## SQUARE (third part of number four)

Chapter 38

**SQUARE
**

**(third part of number four)**

When we want to accomplish a project, we know that a good prearragement is needed. Same thing is in this kind of geometry. by the way, we acquire new experiences which are useful for another kind of projects and that we can easily notice that int his way, step by step, and in particular phases of preparation, and especially in final process in which dana „rises“ by itself. It is always good to repeat the laws of this geometry where the only tools are compass and ruler without measures, whatever it sounds boring after 2000 pages of drawing sequences and sequences of innovations which were neglected by classical geometry. Because of that there are „insoluble“ enigmas, ambiquities, which are missed in related parts of natural sciences, and especially in physics, so I decided, at the end of this chapter, to dedicate beginning of one way (same way) in the form of concretely ideas of physical nature which I, long time ago, carried into effect. This time a bit modified, simplier and more purposeful, because this geometry, its spirit, spreads viewpoint endlessly. Furthermore, and because of the man who lost his life defending his circles, the man who, nowdays, would be greatest geometric and physicist with all today’s technology – and who was, believe or not, thrown out of physics books – Archimedes. Let’s repeat laws of sacred geometry:

- circle of some radius divides by circles or semicircles
- basic circle is a mirror of all intersectiones, junctions inside and outside itself and on its arc
- no marking with numbers or letters

Regarding „human factor“, we must not be lazy to draw so called „base“(preparation) which is always present, because we can „digress“on the way of unnatural geometric acrobatics, as I called it. Experience tells me, because of 2000 pages I wrote are just one tenth of what I draw in past two years. So, dedicate to continuation of square.

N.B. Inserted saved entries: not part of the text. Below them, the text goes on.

lemma subst_bind:
  "Option.bind (subst \<tau> t) (subst \<sigma>) = subst (\<lambda>x. Option.bind (\<tau> x) (subst \<sigma>)) t"
proof (induction t)
  case (Nd f ts)
  show ?case
  proof (cases "\<exists>t\<in>set ts. subst \<tau> t = None")
    case True
    then show ?thesis using Nd.IH by (force simp: subst_Nd)
  next
    case False
    then have "\<And>t. t \<in> set ts \<Longrightarrow>
        subst (\<lambda>x. Option.bind (\<tau> x) (subst \<sigma>)) t = subst \<sigma> (the (subst \<tau> t))"
      using Nd.IH by force
    then show ?thesis using False by (auto simp: subst_Nd cong: map_cong)
  qed
qed simp

lemma subst_map_tr:
  "map_option (map_tr (\<lambda>a. a) g) (subst \<sigma> t) = subst (\<lambda>x. map_option (map_tr (\<lambda>a. a) g) (\<sigma> x)) t"
proof (induction t)
  case (Nd f ts)
  show ?case
  proof (cases "\<exists>t\<in>set ts. subst \<sigma> t = None")
    case True
    then show ?thesis using Nd.IH by (force simp: subst_Nd)
  next
    case False
    then have "\<And>t. t \<in> set ts \<Longrightarrow>
        subst (\<lambda>x. map_option (map_tr (\<lambda>a. a) g) (\<sigma> x)) t = Some (map_tr (\<lambda>a. a) g (the (subst \<sigma> t)))"
      using Nd.IH by (metis option.collapse option.map(2))
    then show ?thesis using False by (auto simp: subst_Nd cong: map_cong)
  qed
qed simp

lemma subst_eq_imp_eq_on_vars:
  assumes "subst \<sigma>1 t = subst \<sigma>2 t" and "subst \<sigma>1 t \<noteq> None" and "x \<in> vars t"
  shows "\<sigma>1 x = \<sigma>2 x"
  using assms
proof (induction t)
  case (Nd f ts)
  then obtain t where t: "t \<in> set ts" "x \<in> vars t" by auto
  from Nd.prems have defined: "\<forall>t\<in>set ts. subst \<sigma>1 t \<noteq> None \<and> subst \<sigma>2 t \<noteq> None"
    and "map (\<lambda>t. the (subst \<sigma>1 t)) ts = map (\<lambda>t. the (subst \<sigma>2 t)) ts"
    by (auto simp: subst_Nd split: if_splits)
  with t have "subst \<sigma>1 t = subst \<sigma>2 t" by (metis map_eq_conv option.expand)
  with Nd.IH t defined show ?case by blast
qed simp
lemma pow_le_powr_of_le:
  fixes r x a :: real
  assumes "0 < r" "r \<le> 1" "0 < x" "a * ln x \<le> real m"
  shows "r ^ m \<le> x powr (a * ln r)"
proof -
  have "r ^ m = r powr real m" using assms by (simp add: powr_realpow)
  also have "\<dots> \<le> r powr (a * ln x)" using assms by (intro powr_mono') auto
  also have "\<dots> = x powr (a * ln r)" using assms by (simp add: powr_def mult_ac)
  finally show ?thesis .
qed

lemma powr_le_pow_of_le:
  fixes r x a :: real
  assumes "0 < r" "r \<le> 1" "0 < x" "real m \<le> a * ln x + 1"
  shows "r * x powr (a * ln r) \<le> r ^ m"
proof -
  have "r * x powr (a * ln r) = r powr (a * ln x) * r powr 1"
    using assms by (simp add: powr_def mult_ac)
  also have "\<dots> = r powr (a * ln x + 1)"
    by (simp add: powr_add)
  also have "\<dots> \<le> r powr real m" using assms by (intro powr_mono') auto
  also have "\<dots> = r ^ m" using assms by (simp add: powr_realpow)
  finally show ?thesis .
qed

lemma sum_power_le_geometric_tail:
  fixes p :: real
  assumes "0 \<le> p" "p < 1"
  shows "(\<Sum>k=m..M. p ^ k) \<le> p ^ m / (1 - p)"
proof -
  have "p ^ Suc M \<ge> 0" using assms by simp
  then show ?thesis using assms by (auto simp: sum_gp divide_simps)
qed

lemma sum_le_two_geometric_tails:
  fixes f :: "nat \<Rightarrow> real"
  assumes f: "\<And>k. 0 \<le> f k"
    and head: "\<And>k. m \<le> k \<Longrightarrow> k \<le> M \<Longrightarrow> f k \<le> c * r ^ k"
    and tail: "\<And>k. M < k \<Longrightarrow> f k \<le> B * p ^ k"
    and "0 \<le> r" "r < 1" "0 \<le> p" "p < 1" "0 \<le> c" "0 \<le> B"
  shows "(\<Sum>k=m..n. f k) \<le> c * (r ^ m / (1 - r)) + B * (p ^ Suc M / (1 - p))"
proof -
  have "(\<Sum>k=m..n. f k) \<le> (\<Sum>k\<in>{m..M} \<union> {Suc M..n}. f k)"
    by (rule sum_mono2) (auto simp: f)
  also have "\<dots> = (\<Sum>k=m..M. f k) + (\<Sum>k=Suc M..n. f k)"
    by (rule sum.union_disjoint) auto
  also have "\<dots> \<le> (\<Sum>k=m..M. c * r ^ k) + (\<Sum>k=Suc M..n. B * p ^ k)"
    by (intro add_mono sum_mono head tail) auto
  also have "\<dots> = c * (\<Sum>k=m..M. r ^ k) + B * (\<Sum>k=Suc M..n. p ^ k)"
    by (simp add: sum_distrib_left)
  also have "\<dots> \<le> c * (r ^ m / (1 - r)) + B * (p ^ Suc M / (1 - p))"
    using assms by (intro add_mono mult_left_mono sum_power_le_geometric_tail) auto
  finally show ?thesis .
qed

lemma tendsto_ln_div_of_asymp_equiv:
  fixes d :: "nat \<Rightarrow> real"
  assumes "(\<lambda>k. ln (d k)) \<sim>[at_top] (\<lambda>k. real k * c)" "c \<noteq> 0"
  shows "((\<lambda>k. ln (d k) / real k) \<longlongrightarrow> c) at_top"
proof -
  have "eventually (\<lambda>k. ln (d k) \<noteq> 0 \<or> real k * c \<noteq> 0) at_top"
    using eventually_gt_at_top[of 0] by eventually_elim (use \<open>c \<noteq> 0\<close> in auto)
  then have "((\<lambda>k. ln (d k) / (real k * c) * c) \<longlongrightarrow> 1 * c) at_top"
    by (intro tendsto_mult tendsto_const asymp_equivD_strong[OF assms(1)])
  moreover have "eventually (\<lambda>k. ln (d k) / (real k * c) * c = ln (d k) / real k) at_top"
    using \<open>c \<noteq> 0\<close> by simp
  ultimately show ?thesis by (simp add: tendsto_cong)
qed

lemma eventually_le_power_of_ln_asymp:
  fixes d :: "nat \<Rightarrow> real"
  assumes "(\<lambda>k. ln (d k)) \<sim>[at_top] (\<lambda>k. real k * ln q)" "0 < q" "q \<noteq> 1" "q < r"
  shows "eventually (\<lambda>k. d k \<le> r ^ k) at_top"
proof -
  have "eventually (\<lambda>k. ln (d k) / real k < ln r) at_top"
    using assms by (intro order_tendstoD(2)[OF tendsto_ln_div_of_asymp_equiv]) auto
  with eventually_gt_at_top[of 0] show ?thesis
  proof eventually_elim
    case (elim k)
    then have "ln (d k) < ln (r ^ k)"
      using assms by (simp add: ln_realpow field_simps)
    moreover have "0 < r ^ k"
      using assms by simp
    ultimately show ?case
      by (cases "d k > 0") auto
  qed
qed

lemma eventually_power_le_of_ln_asymp:
  fixes d :: "nat \<Rightarrow> real"
  assumes "(\<lambda>k. ln (d k)) \<sim>[at_top] (\<lambda>k. real k * ln q)" "eventually (\<lambda>k. 0 < d k) at_top"
    and "0 < r" "r < q" "q \<noteq> 1"
  shows "eventually (\<lambda>k. r ^ k \<le> d k) at_top"
proof -
  have "eventually (\<lambda>k. ln r < ln (d k) / real k) at_top"
    using assms by (intro order_tendstoD(1)[OF tendsto_ln_div_of_asymp_equiv]) auto
  with assms(2) eventually_gt_at_top[of 0] show ?thesis
  proof eventually_elim
    case (elim k)
    then have "ln (r ^ k) < ln (d k)"
      using assms by (simp add: ln_realpow field_simps)
    then show ?case
      using assms elim by simp
  qed
qed

lemma filterlim_mult_ln_sequentially:
  "0 < \<gamma> \<Longrightarrow> filterlim (\<lambda>n. \<gamma> * ln (real n)) at_top sequentially"
  by (intro filterlim_tendsto_pos_mult_at_top[OF tendsto_const]
      filterlim_compose[OF ln_at_top filterlim_real_sequentially])

lemma filterlim_powr_sequentially:
  assumes "0 < \<theta>"
  shows "filterlim (\<lambda>n. real n powr \<theta>) at_top sequentially"
proof -
  have lim: "filterlim (\<lambda>n. exp (\<theta> * ln (real n))) at_top sequentially"
    using assms by (intro filterlim_compose[OF exp_at_top] filterlim_mult_ln_sequentially)
  have eq: "eventually (\<lambda>n. exp (\<theta> * ln (real n)) = real n powr \<theta>) sequentially"
    using eventually_gt_at_top[of 0] by eventually_elim (simp add: powr_def)
  show ?thesis
    using lim filterlim_cong[OF refl refl eq] by simp
qed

We will repeat, step by step, construction of „base“ to remember it. Circle of some radius divided by circles of same radius on 6 parts.

Division of divisional circles from its external intersectiones (with same radius).

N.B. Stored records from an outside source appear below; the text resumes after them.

section \<open>Rayleigh quotients\<close>

lemma rayleigh_inf_geI:
  fixes C :: "real mat"
  assumes "\<And>v. v \<in> carrier_vec n \<Longrightarrow> v \<noteq> 0\<^sub>v n \<Longrightarrow> \<alpha> * (v \<bullet> v) \<le> (C *\<^sub>v v) \<bullet> v"
  shows "ereal \<alpha> \<le> rayleigh_inf n C"
  unfolding rayleigh_inf_def
proof (rule Inf_greatest, clarify)
  fix v :: "real vec" assume v: "v \<in> carrier_vec n" "v \<noteq> 0\<^sub>v n"
  then show "ereal \<alpha> \<le> ereal ((C *\<^sub>v v) \<bullet> v / (v \<bullet> v))"
    using assms[OF v] scalar_prod_self_pos[OF v] by (simp add: le_divide_eq)
qed

lemma rayleigh_sup_leI:
  fixes C :: "real mat"
  assumes "\<And>v. v \<in> carrier_vec n \<Longrightarrow> v \<noteq> 0\<^sub>v n \<Longrightarrow> (C *\<^sub>v v) \<bullet> v \<le> \<gamma> * (v \<bullet> v)"
  shows "rayleigh_sup n C \<le> ereal \<gamma>"
  unfolding rayleigh_sup_def
proof (rule Sup_least, clarify)
  fix v :: "real vec" assume v: "v \<in> carrier_vec n" "v \<noteq> 0\<^sub>v n"
  then show "ereal ((C *\<^sub>v v) \<bullet> v / (v \<bullet> v)) \<le> ereal \<gamma>"
    using assms[OF v] scalar_prod_self_pos[OF v] by (simp add: divide_le_eq)
qed

lemma rayleigh_inf_eq_uminus_sup:
  fixes C :: "real mat"
  assumes C: "C \<in> carrier_mat n n"
  shows "rayleigh_inf n C = - rayleigh_sup n ((-1) \<cdot>\<^sub>m C)"
proof -
  have "ereal ((((-1) \<cdot>\<^sub>m C) *\<^sub>v v) \<bullet> v / (v \<bullet> v)) = - ereal ((C *\<^sub>v v) \<bullet> v / (v \<bullet> v))"
    if "v \<in> carrier_vec n" for v
    using C that by (simp add: smult_mat_mult_vec[of _ n n])
  then have "{ereal ((((-1) \<cdot>\<^sub>m C) *\<^sub>v v) \<bullet> v / (v \<bullet> v)) | v. v \<in> carrier_vec n \<and> v \<noteq> 0\<^sub>v n}
      = uminus ` {ereal ((C *\<^sub>v v) \<bullet> v / (v \<bullet> v)) | v. v \<in> carrier_vec n \<and> v \<noteq> 0\<^sub>v n}"
    by (auto simp: image_iff) (metis uminus_ereal.simps(1))
  then show ?thesis
    unfolding rayleigh_inf_def rayleigh_sup_def by (simp add: ereal_Sup_uminus_image_eq)
qed
definition homogeneous :: "nat \<Rightarrow> nat \<Rightarrow> vec \<Rightarrow> bool" where
  "homogeneous n k v \<longleftrightarrow> (\<forall>a S. mdeg n a \<noteq> k \<longrightarrow> v a S = 0)"

lemma homogeneous_xop:
  assumes "i < n" "homogeneous n k v"
  shows "homogeneous n (Suc k) (xop i v)"
  unfolding homogeneous_def
proof (intro allI impI)
  fix a S assume "mdeg n a \<noteq> Suc k"
  then show "xop i v a S = 0"
    using assms mdeg_pred_upd[OF assms(1), of a] by (auto simp: homogeneous_def xop_def)
qed

lemma homogeneous_dop:
  assumes "i < n" "homogeneous n (Suc k) v"
  shows "homogeneous n k (dop i v)"
  using assms mdeg_Suc_upd[OF assms(1)] by (simp add: homogeneous_def dop_def)

lemma dop_homogeneous_0:
  assumes "i < n" "homogeneous n 0 v"
  shows "dop i v = 0"
  using assms mdeg_Suc_upd[OF assms(1)] by (simp add: homogeneous_def dop_def fun_eq_iff)

lemma homogeneous_gop: "homogeneous n k v \<Longrightarrow> homogeneous n k (gop n e i v)"
  by (simp add: homogeneous_def gop_def)

lemma homogeneous_add: "homogeneous n k v \<Longrightarrow> homogeneous n k w \<Longrightarrow> homogeneous n k (v + w)"
  by (simp add: homogeneous_def)

lemma homogeneous_scale: "homogeneous n k v \<Longrightarrow> homogeneous n k (vscale c v)"
  by (simp add: homogeneous_def vscale_def)

lemma homogeneous_sum:
  "(\<And>j. j \<in> K \<Longrightarrow> homogeneous n k (f j)) \<Longrightarrow> homogeneous n k (\<Sum>j\<in>K. f j)"
  by (simp add: homogeneous_def sum_apply)

definition hcomp :: "nat \<Rightarrow> nat \<Rightarrow> vec \<Rightarrow> vec" where
  "hcomp n k v = (\<lambda>a S. if mdeg n a = k then v a S else 0)"

lemma homogeneous_hcomp: "homogeneous n k (hcomp n k v)"
  by (simp add: homogeneous_def hcomp_def)

lemma cl_valued_hcomp: "cl_valued n v \<Longrightarrow> cl_valued n (hcomp n k v)"
  by (simp add: cl_valued_def cl_supported_def hcomp_def)

lemma hcomp_eq_0_imp_eq_0: "(\<And>k. hcomp n k v = 0) \<Longrightarrow> v = 0"
  by (simp add: hcomp_def fun_eq_iff) metis

lemma linear_hcomp: "linear_op (hcomp n k)"
  by unfold_locales (auto simp: hcomp_def vscale_def fun_eq_iff)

With same radius from external peak poles of divisional circles. So, we divided even them on its 6 parts.

Now, in range of compass take outer intersectiones of divisional circles. (we describe them with a circle of its radius).

With that radius we divide it from intersectiones of divisional on its 6 parts.

With same radius continue division from 6 poles oft he first (basic) circle. Perform division by semicircles to the rim of divisional circles – to their external poles.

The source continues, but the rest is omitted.